As it turns out, this result makes sense because $X$ and $Y$ correspond to arrivals from a poisson process and $\mu$ and $\lambda$ are the arrival rates. For example, suppose that $X$ corresponds to arrival times for women to a store, and $Y$ corresponds to arrival times for men. If women are coming in at a rate of three per hour - $\lambda = 3$ - and men are coming in at a rate of nine per hour - $\mu = 9$ - then the probability of a woman arriving before a man is going to be $3/4$.

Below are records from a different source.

(* Let $M$ be a compact metric space and $f:M\to M$ a homeomorphism. Then: (1) for every finite open covering $\mathcal{U}$ of $M$, $[a_{f,\mathcal{U}}(n)]\in\mathbb{B}$; (2) $o(f)\in\overline{\mathbb{B}}$.
   Context: Let $\mathcal{O}$ be the set of non-decreasing sequences $a:\mathbb{N}\to[0,\infty)$, $a\approx b$ iff $c_1a(n)\le b(n)\le c_2a(n)$ for all $n$ for some constants $0<c_1\le c_2$, $\mathbb{O}=\mathcal{O}/\!\approx$ with classes $[a(n)]$, ordered by $[a(n)]\le[b(n)]$ iff $a(n)\le Cb(n)$ for all $n$ for some $C>0$; $\overline{\mathbb{O}}$ is its Dedekind–MacNeille completion. A class $[a(n)]$ has the bounded jump property (BJP) if there is $C>0$ with $a(n+1)\le Ca(n)$ for all $n$ (independent of representative); $\mathbb{B}\subset\mathbb{O}$ is the set of such classes and $\overline{\mathbb{B}}=\{\sup(\Gamma)\in\overline{\mathbb{O}}:\Gamma\subset\mathbb{B}\text{ countable}\}$. For a finite open covering $\mathcal{U}=\{U_1,\dots,U_k\}$ of $M$, let $\mathcal{U}^n=\{U_{i_0}\cap f^{-1}(U_{i_1})\cap\cdots\cap f^{-n}(U_{i_n})\neq\emptyset: i_0,\dots,i_n\in\{1,\dots,k\}\}$ and let $a_{f,\mathcal{U}}(n)$ be the minimal cardinality of a subcovering of $\mathcal{U}^n$. The generalized entropy is $o(f)=\sup\{[g_{f,\varepsilon}(n)]:\varepsilon>0\}\in\overline{\mathbb{O}}$, where $g_{f,\varepsilon}(n)$ is the minimal cardinality of a finite set $G$ such that $M=\bigcup_{x\in G}\{y:\max_{0\le k\le n-1}d(f^kx,f^ky)<\varepsilon\}$; equivalently $o(f)=\sup\{[a_{f,\mathcal{U}}(n)]:\mathcal{U}\text{ a finite open covering}\}$. *)

theory Defs
  imports "HOL-Analysis.Analysis"
begin

definition Oseq :: "(nat \<Rightarrow> real) \<Rightarrow> bool" where
  "Oseq a \<longleftrightarrow> mono a \<and> (\<forall>n. 0 \<le> a n)"

text \<open>The preorder inducing the order on classes: [a] <= [b] iff a(n) <= C b(n) for some C > 0.\<close>
definition dominated :: "(nat \<Rightarrow> real) \<Rightarrow> (nat \<Rightarrow> real) \<Rightarrow> bool" where
  "dominated a b \<longleftrightarrow> (\<exists>C>0. \<forall>n. a n \<le> C * b n)"

definition bjp :: "(nat \<Rightarrow> real) \<Rightarrow> bool" where
  "bjp a \<longleftrightarrow> (\<exists>C>0. \<forall>n. a (Suc n) \<le> C * a n)"

text \<open>An element sup(S) of the Dedekind-MacNeille
  completion of the ordered set of classes is the cut determined by this set of upper bounds;
  two suprema coincide iff their sets of upper bounds coincide.\<close>
definition O_upper :: "(nat \<Rightarrow> real) set \<Rightarrow> (nat \<Rightarrow> real) set" where
  "O_upper S = {b. Oseq b \<and> (\<forall>a\<in>S. dominated a b)}"

text \<open>Membership of a Dedekind-MacNeille element (given by its upper-bound set X) in
  overline-B: it is the supremum of a countable set of BJP classes.\<close>
definition in_Bbar :: "(nat \<Rightarrow> real) set \<Rightarrow> bool" where
  "in_Bbar X \<longleftrightarrow> (\<exists>\<Gamma>. countable \<Gamma> \<and> (\<forall>a\<in>\<Gamma>. Oseq a \<and> bjp a) \<and> O_upper \<Gamma> = X)"

definition bowen_ball :: "('a::metric_space \<Rightarrow> 'a) \<Rightarrow> 'a set \<Rightarrow> real \<Rightarrow> nat \<Rightarrow> 'a \<Rightarrow> 'a set" where
  "bowen_ball f M \<epsilon> n x = {y\<in>M. \<forall>k<n. dist ((f^^k) x) ((f^^k) y) < \<epsilon>}"

definition bowen_seq :: "('a::metric_space \<Rightarrow> 'a) \<Rightarrow> 'a set \<Rightarrow> real \<Rightarrow> nat \<Rightarrow> real" where
  "bowen_seq f M \<epsilon> n = real (LEAST k. \<exists>G. finite G \<and> G \<subseteq> M \<and> card G = k \<and>
       M = (\<Union>x\<in>G. bowen_ball f M \<epsilon> n x))"

text \<open>Generalized entropy o(f), represented by its set of upper bounds (the DM cut).\<close>
definition gen_entropy :: "('a::metric_space \<Rightarrow> 'a) \<Rightarrow> 'a set \<Rightarrow> (nat \<Rightarrow> real) set" where
  "gen_entropy f M = O_upper {bowen_seq f M \<epsilon> | \<epsilon>. \<epsilon> > 0}"

definition iter_cover :: "('a \<Rightarrow> 'a) \<Rightarrow> 'a set \<Rightarrow> 'a set set \<Rightarrow> nat \<Rightarrow> 'a set set" where
  "iter_cover f M \<U> n = {W. W \<noteq> {} \<and> (\<exists>V. (\<forall>j\<le>n. V j \<in> \<U>) \<and>
       W = {x\<in>M. \<forall>j\<le>n. (f^^j) x \<in> V j})}"

definition cover_seq :: "('a \<Rightarrow> 'a) \<Rightarrow> 'a set \<Rightarrow> 'a set set \<Rightarrow> nat \<Rightarrow> real" where
  "cover_seq f M \<U> n = real (LEAST k. \<exists>\<V>. \<V> \<subseteq> iter_cover f M \<U> n \<and> finite \<V> \<and>
       card \<V> = k \<and> \<Union>\<V> = M)"

end

theory Submission
  imports Defs
begin

text \<open>Refining a minimal subcover of \<open>\<U>\<^sup>n\<close> by the sets \<open>f\<^sup>-\<^sup>(\<^sup>n\<^sup>+\<^sup>1\<^sup>)(U)\<close>, \<open>U \<in> \<U>\<close>, gives a
  subcover of \<open>\<U>\<^sup>n\<^sup>+\<^sup>1\<close> at most \<open>|\<U>|\<close> times as large: \<open>a(n+1) \<le> |\<U>| a(n)\<close>.

  For \<open>o(f)\<close>, compare \<open>a\<^sub>\<U>\<close> with the Bowen sequences \<open>g\<^sub>\<epsilon>\<close> in both directions. If all members
  of \<open>\<U>\<close> have diameter \<open>< \<epsilon>\<close>, one point from each member of a subcover of \<open>\<U>\<^sup>n\<close> spans,
  so \<open>g\<^sub>\<epsilon>(n) \<le> a\<^sub>\<U>(n)\<close>. If \<open>\<epsilon>\<close> is a Lebesgue number of \<open>\<U>\<close>, every Bowen ball of length
  \<open>n+1\<close> lies in a member of \<open>\<U>\<^sup>n\<close>, so \<open>a\<^sub>\<U>(n) \<le> g\<^sub>\<epsilon>(n+1)\<close>, and the jump bound turns this
  into \<open>a\<^sub>\<U>(n) \<le> K g\<^sub>\<epsilon>(n)\<close>. So the countable family of \<open>a\<^sub>\<U>\<close> for covers of mesh \<open>1/(m+1)\<close>
  has the same upper bounds as the family of all \<open>g\<^sub>\<epsilon>\<close>. Only \<open>f(M) \<subseteq> M\<close> is used, not
  continuity.\<close>

lemma funpow_in:
  assumes "f ` M \<subseteq> M" "x \<in> M"
  shows "(f ^^ n) x \<in> M"
  using assms by (induction n) auto

lemma dominated_trans:
  assumes "dominated a b" "dominated b c"
  shows "dominated a c"
proof -
  obtain C D where "C > 0" "D > 0" and ab: "\<forall>n. a n \<le> C * b n" and bc: "\<forall>n. b n \<le> D * c n"
    using assms unfolding dominated_def by blast
  have "a n \<le> C * (D * c n)" for n
    using ab mult_left_mono[OF spec[OF bc, of n], of C] \<open>C > 0\<close> by (meson less_imp_le order_trans)
  then show ?thesis
    unfolding dominated_def using \<open>C > 0\<close> \<open>D > 0\<close> by (intro exI[of _ "C * D"]) (simp add: mult.assoc)
qed

lemma le_imp_dominated: "(\<And>n. a n \<le> b n) \<Longrightarrow> dominated a b"
  unfolding dominated_def by (intro exI[of _ 1]) auto

lemma O_upper_eq_if_mutually_dominated:
  assumes "\<forall>a\<in>S. \<exists>b\<in>T. dominated a b" "\<forall>b\<in>T. \<exists>a\<in>S. dominated b a"
  shows "O_upper S = O_upper T"
  using assms unfolding O_upper_def by (blast intro: dominated_trans)

subsection \<open>The iterated covers \<open>\<U>\<^sup>n\<close>\<close>

lemma iter_cover_subset: "W \<in> iter_cover f M \<U> n \<Longrightarrow> W \<subseteq> M"
  unfolding iter_cover_def by auto

lemma iter_cover_memE:
  assumes "W \<in> iter_cover f M \<U> n"
  obtains V where "\<forall>j\<le>n. V j \<in> \<U>" "W = {x\<in>M. \<forall>j\<le>n. (f ^^ j) x \<in> V j}" "W \<noteq> {}"
  using assms unfolding iter_cover_def by blast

Just as we can use double expectation for the expected value of $Y$, we can express the variance of $Y$, $\text{Var}(Y)$ in a similar fashion, which we refer to as **variance decomposition**:

$\text{Var}(Y) = E[\text{Var}(Y|X)] + \text{Var}[E(Y|X)]$

Let's start with the first term: $E[\text{Var}(Y|X)]$. Remember the definition of variance, as the second central moment:

$\text{Var}(X) = E[X^2] - (E[X])^2$

Thus, we can express $E[\text{Var}(Y|X)]$ as:

$E[\text{Var}(Y|X)] = E[E[Y^2 | X] - (E[Y|X])^2]$

Note that, since expectation is linear:

$E[\text{Var}(Y|X)] = E[E[Y^2 | X]] - E[(E[Y|X])^2]$

Notice the first expression on the right-hand side. That's a double expectation, and we know how to simplify that:

$E[\text{Var}(Y|X)] = E[Y^2] - E[(E[Y|X])^2], \quad 1.$

Now let's look at the second term in the variance decomposition: $\text{Var}[E(Y|X)]$. Considering again the definition for variance above, we can transform this term:

$\text{Var}[E(Y|X)] = E[(E[Y | X)^2] - (E[E[Y|X]])^2$

In this equation, we again see a double expectation, quantity squared. So:

$\text{Var}[E(Y|X)] = E[(E[Y| X)^2] - E[Y]^2, \quad 2.$

Remember the equation for variance decomposition:

$\text{Var}(Y) = E[\text{Var}(Y|X)] + \text{Var}[E(Y|X)]$

Let's plug in $1$ and $2$ for the first and second term, respectively:

$\text{Var}(Y) =E[Y^2] - E[(E[Y|X])^2] + E[(E[Y | X)^2] - E[Y]^2$

Notice the cancellation of the two scary inner terms to reveal the definition for variance:

$\text{Var}(Y) = E[Y^2] - E[Y]^2 = \text{Var}(Y)$

In this lesson, we are going to talk about independence, covariance, correlation, and some related results. Correlation shows up all over the place in simulation, from inputs to outputs to everywhere in between.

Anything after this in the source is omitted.